ASSIGNMENT: Somewhere below are a line with "with that assms(2) show False by blast" and a later line with "using simple_graph_edgeE[OF sg]". Output exactly those lines and all lines between them.

Stored data entries:
section \<open>Trees as components\<close>

abbreviation component :: "nat set \<Rightarrow> nat set set \<Rightarrow> nat \<Rightarrow> nat set" where
  "component V E v \<equiv> {u \<in> V. conn E v u}"

lemma component_in_components: "v \<in> V \<Longrightarrow> component V E v \<in> components V E"
  by (simp add: components_def)

lemma components_eq_component:
  assumes "T \<in> components V E" and "x \<in> T"
  shows "T = component V E x"
proof -
  obtain v where T: "T = component V E v" using assms(1) by (auto simp: components_def)
  with assms(2) have "conn E v x" by simp
  have "conn E v u \<longleftrightarrow> conn E x u" for u
  proof
    assume "conn E v u"
    with conn_sym[OF \<open>conn E v x\<close>] show "conn E x u" by (rule rtranclp_trans)
  next
    assume "conn E x u"
    with \<open>conn E v x\<close> show "conn E v u" by (rule rtranclp_trans)
  qed
  then show ?thesis using T by simp
qed

lemma card_eq_1_imp_singleton: "card X = 1 \<Longrightarrow> x \<in> X \<Longrightarrow> X = {x}"
  by (metis card_1_singletonE singletonD)

lemma roots_iff_components:
  assumes "simple_graph V E"
  shows "(\<forall>v\<in>V. \<exists>!\<rho>. \<rho> \<in> Ro \<and> conn E v \<rho>) \<longleftrightarrow> (\<forall>T\<in>components V E. card (T \<inter> Ro) = 1)"
proof -
  have "(\<exists>!\<rho>. \<rho> \<in> Ro \<and> conn E v \<rho>) \<longleftrightarrow> card (component V E v \<inter> Ro) = 1" if "v \<in> V" for v
  proof -
    have eq: "{\<rho>. \<rho> \<in> Ro \<and> conn E v \<rho>} = component V E v \<inter> Ro"
      using conn_in_vertices[OF assms _ that] by blast
    show ?thesis
      unfolding is_singleton_altdef[symmetric] is_singleton_iff_ex1 eq[symmetric] by simp
  qed
  then show ?thesis by (simp add: components_def)
qed

lemma components_card_ge_2_iff:
  assumes "finite V" and "simple_graph V E"
  shows "(\<forall>T\<in>components V E. 2 \<le> card T) \<longleftrightarrow> V \<subseteq> \<Union>E"
proof
  assume big: "\<forall>T\<in>components V E. 2 \<le> card T"
  show "V \<subseteq> \<Union>E"
  proof
    fix v assume v: "v \<in> V"
    have "\<not> component V E v \<subseteq> {v}"
    proof
      assume "component V E v \<subseteq> {v}"
      then have "card (component V E v) \<le> 1" using card_mono[of "{v}" "component V E v"] by simp
      with big component_in_components[OF v] show False by fastforce
    qed
    then obtain u where "conn E v u" "u \<noteq> v" by blast
    then show "v \<in> \<Union>E" using conn_imp_in_Union[of E v u] by simp
  qed
next
  assume cover: "V \<subseteq> \<Union>E"
  show "\<forall>T\<in>components V E. 2 \<le> card T"
  proof
    fix T assume "T \<in> components V E"
    then obtain v where v: "v \<in> V" "T = component V E v" by (auto simp: components_def)
    then obtain e where "e \<in> E" "v \<in> e" using cover by blast
    then obtain a b where ab: "a \<noteq> b" "e = {a, b}" "a \<in> V" "b \<in> V"
      using simple_graph_edgeE[OF assms(2)] by metis
    define u where "u = (if v = a then b else a)"
    have "{v, u} = e" "u \<noteq> v" "u \<in> V" using ab \<open>v \<in> e\<close> by (auto simp: u_def)
    then have "{v, u} \<subseteq> T" using v \<open>e \<in> E\<close> conn_edge[of v u E] by auto
    moreover have "finite T" using v assms(1) by simp
    ultimately show "2 \<le> card T" using card_mono[of T "{v, u}"] \<open>u \<noteq> v\<close> by simp
  qed
qed

lemma single_rootless_component_imp_roots:
  assumes rootless: "\<exists>!T. T \<in> components V E \<and> T \<inter> R = {}"
    and ab: "\<forall>T\<in>components V E. T \<inter> R = {} \<longrightarrow> a \<in> T \<and> b \<in> T"
    and one: "\<forall>T\<in>components V E. T \<inter> R \<noteq> {} \<longrightarrow> card (T \<inter> R) = 1"
  shows "\<forall>T\<in>components V E. card (T \<inter> insert a R) = 1" and "conn E a b"
proof -
  from rootless obtain T0 where T0: "T0 \<in> components V E \<and> T0 \<inter> R = {}"
    and unique: "\<forall>T. T \<in> components V E \<and> T \<inter> R = {} \<longrightarrow> T = T0" by (rule ex1E)
  have abT0: "a \<in> T0" "b \<in> T0" using bspec[OF ab T0[THEN conjunct1]] T0 by simp_all
  have T0a: "T0 = component V E a" using components_eq_component[OF T0[THEN conjunct1] abT0(1)] .
  show "conn E a b" using abT0(2) T0a by auto
  show "\<forall>T\<in>components V E. card (T \<inter> insert a R) = 1"
  proof
    fix T assume T: "T \<in> components V E"
    show "card (T \<inter> insert a R) = 1"
    proof (cases "T \<inter> R = {}")
      case True
      then have "T \<inter> insert a R = {a}" using unique T abT0(1) by auto
      then show ?thesis by simp
    next
      case False
      then have "a \<notin> T" using components_eq_component[OF T] T0a T0 by auto
      then have "T \<inter> insert a R = T \<inter> R" by blast
      then show ?thesis using one T False by simp
    qed
  qed
qed

lemma roots_imp_single_rootless_component:
  assumes a: "a \<in> V" "a \<notin> R" and b: "b \<in> V"
    and card1: "\<forall>T\<in>components V E. card (T \<inter> insert a R) = 1" and "conn E a b"
  shows "\<exists>!T. T \<in> components V E \<and> T \<inter> R = {}"
    and "\<forall>T\<in>components V E. T \<inter> R = {} \<longrightarrow> a \<in> T \<and> b \<in> T"
    and "\<forall>T\<in>components V E. T \<inter> R \<noteq> {} \<longrightarrow> card (T \<inter> R) = 1"
proof -
  let ?A = "component V E a"
  have A: "?A \<in> components V E" "a \<in> ?A" using a component_in_components by auto
  have rootless: "T = ?A" if T: "T \<in> components V E" "T \<inter> R = {}" for T
  proof -
    have "T \<inter> insert a R \<noteq> {}" using bspec[OF card1 T(1)] by auto
    then have "a \<in> T" using T(2) by blast
    then show ?thesis using components_eq_component T(1) by blast
  qed
  have A_R: "?A \<inter> R = {}"
  proof (rule equals0I)
    fix x assume x: "x \<in> ?A \<inter> R"
    then have "x \<in> ?A \<inter> insert a R" by blast
    moreover have "?A \<inter> insert a R = {a}"
      by (rule card_eq_1_imp_singleton[OF bspec[OF card1 A(1)]]) (use A(2) in blast)
    ultimately have "x = a" by simp
    with x a(2) show False by simp
  qed
  show "\<exists>!T. T \<in> components V E \<and> T \<inter> R = {}"
  proof (rule ex1I[of _ ?A])
    show "?A \<in> components V E \<and> ?A \<inter> R = {}" using A(1) A_R by simp
    show "T = ?A" if "T \<in> components V E \<and> T \<inter> R = {}" for T using rootless that by simp
  qed
  show "\<forall>T\<in>components V E. T \<inter> R = {} \<longrightarrow> a \<in> T \<and> b \<in> T"
  proof (intro ballI impI)
    fix T assume "T \<in> components V E" "T \<inter> R = {}"
    then have "T = ?A" by (rule rootless)
    then show "a \<in> T \<and> b \<in> T" using \<open>conn E a b\<close> a(1) b by simp
  qed
  show "\<forall>T\<in>components V E. T \<inter> R \<noteq> {} \<longrightarrow> card (T \<inter> R) = 1"
  proof (intro ballI impI)
    fix T assume T: "T \<in> components V E" "T \<inter> R \<noteq> {}"
    have "a \<notin> T" using components_eq_component[OF T(1)] A_R T(2) by blast
    then have "T \<inter> R = T \<inter> insert a R" by blast
    then show "card (T \<inter> R) = 1" using bspec[OF card1 T(1)] by simp
  qed
qed

lemma single_rootless_component_iff:
  assumes "a \<in> V" "a \<notin> R" and "b \<in> V"
  shows "((\<exists>!T. T \<in> components V E \<and> T \<inter> R = {})
          \<and> (\<forall>T\<in>components V E. T \<inter> R = {} \<longrightarrow> a \<in> T \<and> b \<in> T)
          \<and> (\<forall>T\<in>components V E. T \<inter> R \<noteq> {} \<longrightarrow> card (T \<inter> R) = 1))
      \<longleftrightarrow> (\<forall>T\<in>components V E. card (T \<inter> insert a R) = 1) \<and> conn E a b"
proof
  assume L: "(\<exists>!T. T \<in> components V E \<and> T \<inter> R = {})
          \<and> (\<forall>T\<in>components V E. T \<inter> R = {} \<longrightarrow> a \<in> T \<and> b \<in> T)
          \<and> (\<forall>T\<in>components V E. T \<inter> R \<noteq> {} \<longrightarrow> card (T \<inter> R) = 1)"
  show "(\<forall>T\<in>components V E. card (T \<inter> insert a R) = 1) \<and> conn E a b"
    using single_rootless_component_imp_roots[OF L[THEN conjunct1] L[THEN conjunct2, THEN conjunct1]
        L[THEN conjunct2, THEN conjunct2]] ..
next
  assume "(\<forall>T\<in>components V E. card (T \<inter> insert a R) = 1) \<and> conn E a b"
  then have "\<forall>T\<in>components V E. card (T \<inter> insert a R) = 1" "conn E a b" by simp_all
  note rootless = roots_imp_single_rootless_component[OF assms this]
  show "(\<exists>!T. T \<in> components V E \<and> T \<inter> R = {})
          \<and> (\<forall>T\<in>components V E. T \<inter> R = {} \<longrightarrow> a \<in> T \<and> b \<in> T)
          \<and> (\<forall>T\<in>components V E. T \<inter> R \<noteq> {} \<longrightarrow> card (T \<inter> R) = 1)"
    by (rule conjI[OF rootless(1) conjI[OF rootless(2,3)]])
qed

lemma rooted_forest_add_isolated:
  assumes "V \<inter> I = {}" and "I \<inter> \<Union>E = {}"
  shows "rooted_forest (V \<union> I) (Ro \<union> I) E \<longleftrightarrow> rooted_forest V Ro E"
proof -
  have isolated: "conn E i u \<longleftrightarrow> u = i" if "i \<in> I" for i u
  proof
    assume "conn E i u"
    show "u = i"
    proof (rule ccontr)
      assume "u \<noteq> i"
      then have "i \<in> \<Union>E" using conn_imp_in_Union[OF \<open>conn E i u\<close>] by simp
      with that assms(2) show False by blast
    qed
  qed simp
  have "simple_graph (V \<union> I) E \<longleftrightarrow> simple_graph V E"
  proof
    assume sg: "simple_graph (V \<union> I) E"
    show "simple_graph V E"
      unfolding simple_graph_def
    proof
      fix e assume e: "e \<in> E"
      then obtain u w where uw: "u \<noteq> w" "e = {u, w}" "u \<in> V \<union> I" "w \<in> V \<union> I"
        using simple_graph_edgeE[OF sg] by metis
      then have "u \<notin> I" "w \<notin> I" using e assms(2) by blast+
      with uw show "\<exists>u w. u \<noteq> w \<and> e = {u, w} \<and> u \<in> V \<and> w \<in> V" by blast
    qed
  qed (simp add: simple_graph_mono)
  moreover have "(\<exists>!\<rho>. \<rho> \<in> Ro \<union> I \<and> conn E v \<rho>) \<longleftrightarrow> (\<exists>!\<rho>. \<rho> \<in> Ro \<and> conn E v \<rho>)"
    if "v \<in> V" for v
  proof -
    have "\<not> conn E v i" if "i \<in> I" for i
      using isolated[OF that, of v] conn_sym[of E v i] \<open>v \<in> V\<close> that assms(1) by blast
    then have "\<rho> \<in> Ro \<union> I \<and> conn E v \<rho> \<longleftrightarrow> \<rho> \<in> Ro \<and> conn E v \<rho>" for \<rho>
      by blast
    then show ?thesis by simp
  qed
  moreover have "\<exists>!\<rho>. \<rho> \<in> Ro \<union> I \<and> conn E i \<rho>" if "i \<in> I" for i
    using isolated[OF that] that by (intro ex1I[of _ i]) simp_all
  ultimately show ?thesis
    unfolding rooted_forest_def is_forest_def by (simp add: ball_Un)
qed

RESULT FOR THIS EXERCISE:
      with that assms(2) show False by blast
    qed
  qed simp
  have "simple_graph (V \<union> I) E \<longleftrightarrow> simple_graph V E"
  proof
    assume sg: "simple_graph (V \<union> I) E"
    show "simple_graph V E"
      unfolding simple_graph_def
    proof
      fix e assume e: "e \<in> E"
      then obtain u w where uw: "u \<noteq> w" "e = {u, w}" "u \<in> V \<union> I" "w \<in> V \<union> I"
        using simple_graph_edgeE[OF sg] by metis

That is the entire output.